More than 213,000 jobs were created during the month of June, according to data released today by the U.S. Bureau of Labor Statistics, but some credit union economists are raising concerns about weak wage growth.

According to BLS, the U.S. civilian labor force grew by 601,000 in June, a 20 basis-point increase to 62.9 percent participation rate, resulting in an unemployment rate of 4.0 percent – a slight uptick from last month, but down from where it was one year ago (4.3 percent), noted Brian Turner, president and chief economist at Meridian Economics. Over that 12-month period, non-farm payrolls have increased by 2.4 million.

The number of long-term unemployed – those who have been jobless for 27 weeks or more – rose by 289,000 in June, but has sunk by about 237,000 from where it stood one year ago.
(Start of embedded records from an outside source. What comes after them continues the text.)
lemma orthonormal_on_extend:
  assumes X: "finite X" and V: "cvs.subspace V" "V \<subseteq> vanishing_off X"
    and E: "finite E" "E \<subseteq> V" "orthonormal_on X E" and b: "b \<in> V"
  obtains E' where "finite E'" "E' \<subseteq> V" "orthonormal_on X E'" "E \<subseteq> E'" "b \<in> cvs.span E'"
proof -
  define p where "p = proj_on X E b"
  define r where "r = b - p"
  have p_span: "p \<in> cvs.span E"
    unfolding p_def proj_on_def by (intro cvs.span_sum cvs.span_scale cvs.span_base)
  have "p \<in> V"
    using cvs.span_minimal[OF E(2) V(1)] p_span by blast
  with V(1) b have r_V: "r \<in> V" unfolding r_def by (rule cvs.subspace_diff)
  have r_orth: "inner_on X r e = 0" if "e \<in> E" for e
    using inner_on_proj_on[OF E(3,1) that] by (simp add: r_def p_def inner_on_diff_left)
  show ?thesis
  proof (cases "r = 0")
    case True
    then have "b \<in> cvs.span E" using p_span by (simp add: r_def)
    with E that show ?thesis by blast
  next
    case False
    define n where "n = sqrt (sqnorm_on X r)"
    have "n > 0"
      using sqnorm_on_pos[OF X _ False] r_V V(2) by (auto simp: n_def)
    define e where "e = cscale (of_real (1 / n)) r"
    have "e \<in> V" unfolding e_def using V(1) r_V by (rule cvs.subspace_scale)
    have "inner_on X e e = of_real (1 / n) * cnj (of_real (1 / n)) * inner_on X r r"
      by (simp add: e_def inner_on_scale_left inner_on_scale_right)
    also have "\<dots> = of_real ((1 / n)\<^sup>2 * sqnorm_on X r)"
      by (simp add: inner_on_self power2_eq_square)
    also have "\<dots> = 1"
      using \<open>n > 0\<close> sqnorm_on_nonneg[of X r] by (simp add: n_def power2_eq_square)
    finally have "orthonormal_on X (insert e E)"
      using E(3) r_orth by (intro orthonormal_on_insert) (simp_all add: e_def inner_on_scale_left)
    have "b = p + cscale (of_real n) e"
      using \<open>n > 0\<close> by (simp add: r_def e_def cscale_def fun_eq_iff)
    moreover have "p \<in> cvs.span (insert e E)"
      using p_span cvs.span_mono[of E "insert e E"] by blast
    moreover have "cscale (of_real n) e \<in> cvs.span (insert e E)"
      by (intro cvs.span_scale cvs.span_base) simp
    ultimately have "b \<in> cvs.span (insert e E)" by (metis cvs.span_add)
    with E \<open>e \<in> V\<close> \<open>orthonormal_on X (insert e E)\<close> show ?thesis by (intro that) auto
  qed
qed

lemma orthonormal_on_spanning_exists:
  assumes X: "finite X" and V: "cvs.subspace V" "V \<subseteq> vanishing_off X"
    and B: "finite B" "B \<subseteq> V"
  obtains E where "finite E" "E \<subseteq> V" "orthonormal_on X E" "B \<subseteq> cvs.span E"
  using B
proof (induction B arbitrary: thesis rule: finite_induct)
  case empty
  show ?case by (rule empty.prems(1)[of "{}"]) (auto simp: orthonormal_on_def)
next
  case (insert b B)
  obtain E where E: "finite E" "E \<subseteq> V" "orthonormal_on X E" "B \<subseteq> cvs.span E"
    using insert.IH insert.prems(2) by blast
  obtain E' where E': "finite E'" "E' \<subseteq> V" "orthonormal_on X E'" "E \<subseteq> E'" "b \<in> cvs.span E'"
    using orthonormal_on_extend[OF X V E(1-3)] insert.prems(2) by blast
  have "B \<subseteq> cvs.span E'" using E(4) cvs.span_mono[OF E'(4)] by blast
  with E' show ?case by (intro insert.prems(1)[of E']) auto
qed

lemma vanishing_off_subspace_basis_exists:
  fixes X :: "'x set set"
  assumes "finite X" "V \<subseteq> vanishing_off X"
  obtains B where "finite B" "B \<subseteq> V" "V \<subseteq> cvs.span B" "card B = cvs.dim V"
proof -
  define \<delta> where "\<delta> c = (\<lambda>x. if x = c then 1 else 0 :: complex)" for c :: "'x set"
  have "f \<in> cvs.span (\<delta> ` X)" if "f \<in> V" for f
  proof -
    have "f x = (\<Sum>c\<in>X. cscale (f c) (\<delta> c)) x" for x
      using assms \<open>f \<in> V\<close>
      by (auto simp: sum_fun_apply cscale_def \<delta>_def vanishing_off_def if_distrib[of "(*) _"]
          cong: if_cong)
    then have "f = (\<Sum>c\<in>X. cscale (f c) (\<delta> c))" ..
    also have "\<dots> \<in> cvs.span (\<delta> ` X)"
      by (intro cvs.span_sum cvs.span_scale cvs.span_base) auto
    finally show ?thesis .
  qed
  moreover obtain B where "B \<subseteq> V" "cvs.independent B" "V \<subseteq> cvs.span B" "card B = cvs.dim V"
    using cvs.basis_exists by blast
  ultimately show ?thesis
    using cvs.independent_span_bound[of "\<delta> ` X" B] assms(1) that by blast
qed

lemma orthonormal_on_basis_exists:
  assumes "finite X" "cvs.subspace V" "V \<subseteq> vanishing_off X"
  obtains E where "finite E" "E \<subseteq> V" "orthonormal_on X E" "cvs.dim V \<le> card E"
proof -
  obtain B where B: "finite B" "B \<subseteq> V" "V \<subseteq> cvs.span B" "card B = cvs.dim V"
    by (rule vanishing_off_subspace_basis_exists[OF assms(1,3)])
  obtain E where E: "finite E" "E \<subseteq> V" "orthonormal_on X E" "B \<subseteq> cvs.span E"
    by (rule orthonormal_on_spanning_exists[OF assms B(1,2)])
  have "cvs.span B \<subseteq> cvs.span E"
    using cvs.span_mono[OF E(4)] by (simp only: cvs.span_span)
  with B(3) have "V \<subseteq> cvs.span E" by (rule order.trans)
  then have "cvs.dim V \<le> card E" using E(1) by (rule cvs.dim_le_card)
  with E(1-3) show ?thesis by (rule that)
qed

lemma vanishing_off_subspace_dim_pos:
  assumes "finite X" "V \<subseteq> vanishing_off X" "f \<in> V" "f \<noteq> 0"
  shows "cvs.dim V > 0"
proof (rule ccontr)
  assume "\<not> cvs.dim V > 0"
  moreover obtain B where "finite B" "B \<subseteq> V" "V \<subseteq> cvs.span B" "card B = cvs.dim V"
    by (rule vanishing_off_subspace_basis_exists[OF assms(1,2)])
  ultimately have "V \<subseteq> cvs.span {}" by simp
  with assms(3,4) show False by auto
qed

lemma eigenvalue_bound_frobenius:
  fixes M :: "'x set \<Rightarrow> 'x set \<Rightarrow> complex"
  assumes "finite X" "cvs.subspace V" "V \<subseteq> vanishing_off X"
    and eigen: "\<And>f c. f \<in> V \<Longrightarrow> c \<in> X \<Longrightarrow> (\<Sum>c'\<in>X. M c c' * f c') = \<eta> * f c"
  shows "(cmod \<eta>)\<^sup>2 * real (cvs.dim V) \<le> (\<Sum>c\<in>X. \<Sum>c'\<in>X. (cmod (M c c'))\<^sup>2)"
proof -
  obtain E where E: "finite E" "E \<subseteq> V" "orthonormal_on X E" "cvs.dim V \<le> card E"
    by (rule orthonormal_on_basis_exists[OF assms(1-3)])
  define row where "row c = (\<lambda>c'. cnj (M c c'))" for c
  have row_coeff: "(\<Sum>c\<in>X. (cmod (inner_on X (row c) e))\<^sup>2) = (cmod \<eta>)\<^sup>2" if "e \<in> E" for e
  proof -
    have e_V: "e \<in> V" using \<open>e \<in> E\<close> E(2) by blast
    have "inner_on X (row c) e = cnj (\<eta> * e c)" if "c \<in> X" for c
    proof -
      have "inner_on X (row c) e = cnj (\<Sum>c'\<in>X. M c c' * e c')"
        by (simp add: inner_on_def row_def cnj_sum)
      also have "\<dots> = cnj (\<eta> * e c)" using eigen[OF e_V that] by simp
      finally show ?thesis .
    qed
    then have "(\<Sum>c\<in>X. (cmod (inner_on X (row c) e))\<^sup>2) = (cmod \<eta>)\<^sup>2 * sqnorm_on X e"
      by (simp add: sqnorm_on_def sum_distrib_left norm_mult power_mult_distrib)
    moreover have "sqnorm_on X e = 1"
      using E(3) \<open>e \<in> E\<close> inner_on_self[of X e] unfolding orthonormal_on_def by simp
    ultimately show ?thesis by simp
  qed
  have "(cmod \<eta>)\<^sup>2 * real (cvs.dim V) \<le> (cmod \<eta>)\<^sup>2 * real (card E)"
    using E(4) by (intro mult_left_mono) auto
  also have "\<dots> = (\<Sum>e\<in>E. \<Sum>c\<in>X. (cmod (inner_on X (row c) e))\<^sup>2)"
    using row_coeff by simp
  also have "\<dots> = (\<Sum>c\<in>X. \<Sum>e\<in>E. (cmod (inner_on X (row c) e))\<^sup>2)"
    by (rule sum.swap)
  also have "\<dots> \<le> (\<Sum>c\<in>X. sqnorm_on X (row c))"
    by (intro sum_mono bessel_inequality E(1,3))
  finally show ?thesis by (simp add: sqnorm_on_def row_def)
qed

context group
begin

lemma double_coset_subset_carrier:
  assumes "subgroup K G" "g \<in> carrier G"
  shows "double_coset G K g \<subseteq> carrier G"
  using assms unfolding double_coset_def by (auto dest: subgroup.mem_carrier)

lemma double_coset_mult_closed:
  assumes K: "subgroup K G" and "g \<in> carrier G" "z \<in> double_coset G K g" "k \<in> K" "k' \<in> K"
  shows "k \<otimes> z \<otimes> k' \<in> double_coset G K g"
proof -
  obtain h h' where z: "z = h \<otimes> g \<otimes> h'" "h \<in> K" "h' \<in> K"
    using assms(3) unfolding double_coset_def by auto
  have "k \<otimes> z \<otimes> k' = (k \<otimes> h) \<otimes> g \<otimes> (h' \<otimes> k')"
    using z assms by (simp add: m_assoc subgroup.mem_carrier)
  moreover have "k \<otimes> h \<in> K" "h' \<otimes> k' \<in> K"
    using z assms by (simp_all add: subgroup.m_closed)
  ultimately show ?thesis unfolding double_coset_def by blast
qed

lemma double_coset_self:
  assumes "subgroup K G" "g \<in> carrier G"
  shows "g \<in> double_coset G K g"
proof -
  have "g = \<one> \<otimes> g \<otimes> \<one>" using assms(2) by simp
  then show ?thesis unfolding double_coset_def using subgroup.one_closed[OF assms(1)] by blast
qed

lemma double_coset_subset:
  assumes K: "subgroup K G" and g: "g \<in> carrier G" and z: "z \<in> double_coset G K g"
  shows "double_coset G K z \<subseteq> double_coset G K g"
proof
  fix w assume "w \<in> double_coset G K z"
  then obtain k k' where "w = k \<otimes> z \<otimes> k'" "k \<in> K" "k' \<in> K"
    unfolding double_coset_def by auto
  then show "w \<in> double_coset G K g" using double_coset_mult_closed[OF K g z] by simp
qed

lemma double_coset_eq:
  assumes K: "subgroup K G" and g: "g \<in> carrier G" and z: "z \<in> double_coset G K g"
  shows "double_coset G K z = double_coset G K g"
proof
  show "double_coset G K z \<subseteq> double_coset G K g" by (rule double_coset_subset[OF assms])
  have z_carrier: "z \<in> carrier G" using double_coset_subset_carrier[OF K g] z by blast
  obtain h h' where h: "z = h \<otimes> g \<otimes> h'" "h \<in> K" "h' \<in> K"
    using z unfolding double_coset_def by auto
  have hc: "h \<in> carrier G" "h' \<in> carrier G" using h K by (auto dest: subgroup.mem_carrier)
  have "g = inv h \<otimes> z \<otimes> inv h'"
    using h hc g by (simp add: m_assoc) (simp flip: m_assoc)
  also have "\<dots> \<in> double_coset G K z"
    using h(2,3) K
    by (intro double_coset_mult_closed[OF K z_carrier double_coset_self[OF K z_carrier]])
      (auto simp: subgroup.m_inv_closed)
  finally show "double_coset G K g \<subseteq> double_coset G K z"
    by (rule double_coset_subset[OF K z_carrier])
qed

lemma double_cosets_disjoint:
  assumes K: "subgroup K G" and "D \<in> double_cosets G K" "D' \<in> double_cosets G K"
    and "z \<in> D" "z \<in> D'"
  shows "D = D'"
proof -
  obtain g g' where "g \<in> carrier G" "D = double_coset G K g" "g' \<in> carrier G" "D' = double_coset G K g'"
    using assms(2,3) unfolding double_cosets_def by blast
  then show ?thesis using double_coset_eq[OF K] assms(4,5) by metis
qed

lemma associate_l_coset:
  assumes K: "subgroup K G" and D: "D \<in> double_cosets G K"
    and x: "x \<in> carrier G" and y: "y \<in> carrier G"
  shows "associate G K D (x <# K) (y <# K) = (if inv x \<otimes> y \<in> D then 1 else 0)"
proof -
  have "inv x \<otimes> y \<in> D"
    if x': "x' \<in> carrier G" "x <# K = x' <# K" and y': "y' \<in> carrier G" "y <# K = y' <# K"
      and "inv x' \<otimes> y' \<in> D" for x' y'
  proof -
    obtain g where g: "g \<in> carrier G" "D = double_coset G K g"
      using D unfolding double_cosets_def by auto
    have "x' \<in> x <# K" "y' \<in> y <# K" using lcos_self[OF _ K] x' y' by auto
    then have k: "inv x \<otimes> x' \<in> K" "inv y \<otimes> y' \<in> K"
      using subgroup.lcos_module_imp[OF K is_group] x y by auto
    have "inv x \<otimes> y = (inv x \<otimes> x') \<otimes> (inv x' \<otimes> y') \<otimes> inv (inv y \<otimes> y')"
      using x y x' y' by (simp add: m_assoc inv_mult_group) (simp flip: m_assoc)
    also have "\<dots> \<in> D"
      using k \<open>inv x' \<otimes> y' \<in> D\<close> g K
      by (auto intro: double_coset_mult_closed simp: subgroup.m_inv_closed)
    finally show ?thesis .
  qed
  then show ?thesis using x y unfolding associate_def by auto
qed

lemma sum_associate_l_coset:
  assumes K: "subgroup K G" and \<Lambda>: "finite \<Lambda>" "\<Lambda> \<subseteq> double_cosets G K"
    and x: "x \<in> carrier G" and y: "y \<in> carrier G"
  shows "(\<Sum>D\<in>\<Lambda>. associate G K D (x <# K) (y <# K)) = (if inv x \<otimes> y \<in> \<Union>\<Lambda> then 1 else 0)"
proof (cases "inv x \<otimes> y \<in> \<Union>\<Lambda>")
  case True
  then obtain D0 where D0: "D0 \<in> \<Lambda>" "inv x \<otimes> y \<in> D0" by blast
  have "associate G K D (x <# K) (y <# K) = (if D = D0 then 1 else 0)" if "D \<in> \<Lambda>" for D
  proof -
    have "inv x \<otimes> y \<in> D \<longleftrightarrow> D = D0"
      using double_cosets_disjoint[OF K] \<Lambda>(2) that D0 by blast
    then show ?thesis using associate_l_coset[OF K subsetD[OF \<Lambda>(2) that] x y] by simp
  qed
  then have "(\<Sum>D\<in>\<Lambda>. associate G K D (x <# K) (y <# K)) = (\<Sum>D\<in>\<Lambda>. if D = D0 then 1 else 0)"
    by (rule sum.cong[OF refl])
  with True D0(1) \<Lambda>(1) show ?thesis by simp
next
  case False
  have "associate G K D (x <# K) (y <# K) = 0" if "D \<in> \<Lambda>" for D
    using False that associate_l_coset[OF K subsetD[OF \<Lambda>(2) that] x y] by auto
  with False show ?thesis by (simp add: sum.neutral)
qed

lemma l_coset_inj_on:
  assumes "a \<in> carrier G"
  shows "inj_on (\<lambda>A. a <# A) (Pow (carrier G))"
proof (rule inj_on_inverseI)
  fix A assume "A \<in> Pow (carrier G)"
  then show "inv a <# (a <# A) = A"
    using assms by (simp add: lcos_m_assoc lcos_mult_one)
qed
The nation’s underemployment rate – which aggregates the unemployed with part-time workers desiring full-time jobs and those who have deferred their search over the past 60 days – stands at 7.8 percent, or about 12.6 million.

Curt Long, NAFCU
Curt Long, chief economist and vice president of research, NAFCU

While the jobless rate was technically up – a fact Curt Long, chief economist for the National Association of Federally-Insured Credit Unions attributed to improved labor force participation – the bigger concern for both Long and Turner is overall wage growth.

"Wage growth remains stuck below 3 percent, which will provide some reassurance to the Fed that inflationary pressures remain relatively muted," cautioned Long.

Similarly, Turner said that, along with “soft wage growth,” the jobs report still “remains positive” in the sense that “we still have some capacity to grow above-trend without triggering too much inflation worry.”

However, Turner added, that the modest wage growth “most likely” places less pressure on the Fed to feel like “they’re behind the curve.”

“While the sunny outlook led Fed officials last month to boost the number of interest-rate hikes they expect in 2018 to four from three, the threat of an increasing trade war threatens to sap economic momentum, and a shrinking pool of qualified workers may slow the pace of future employment gains,” warned Turner.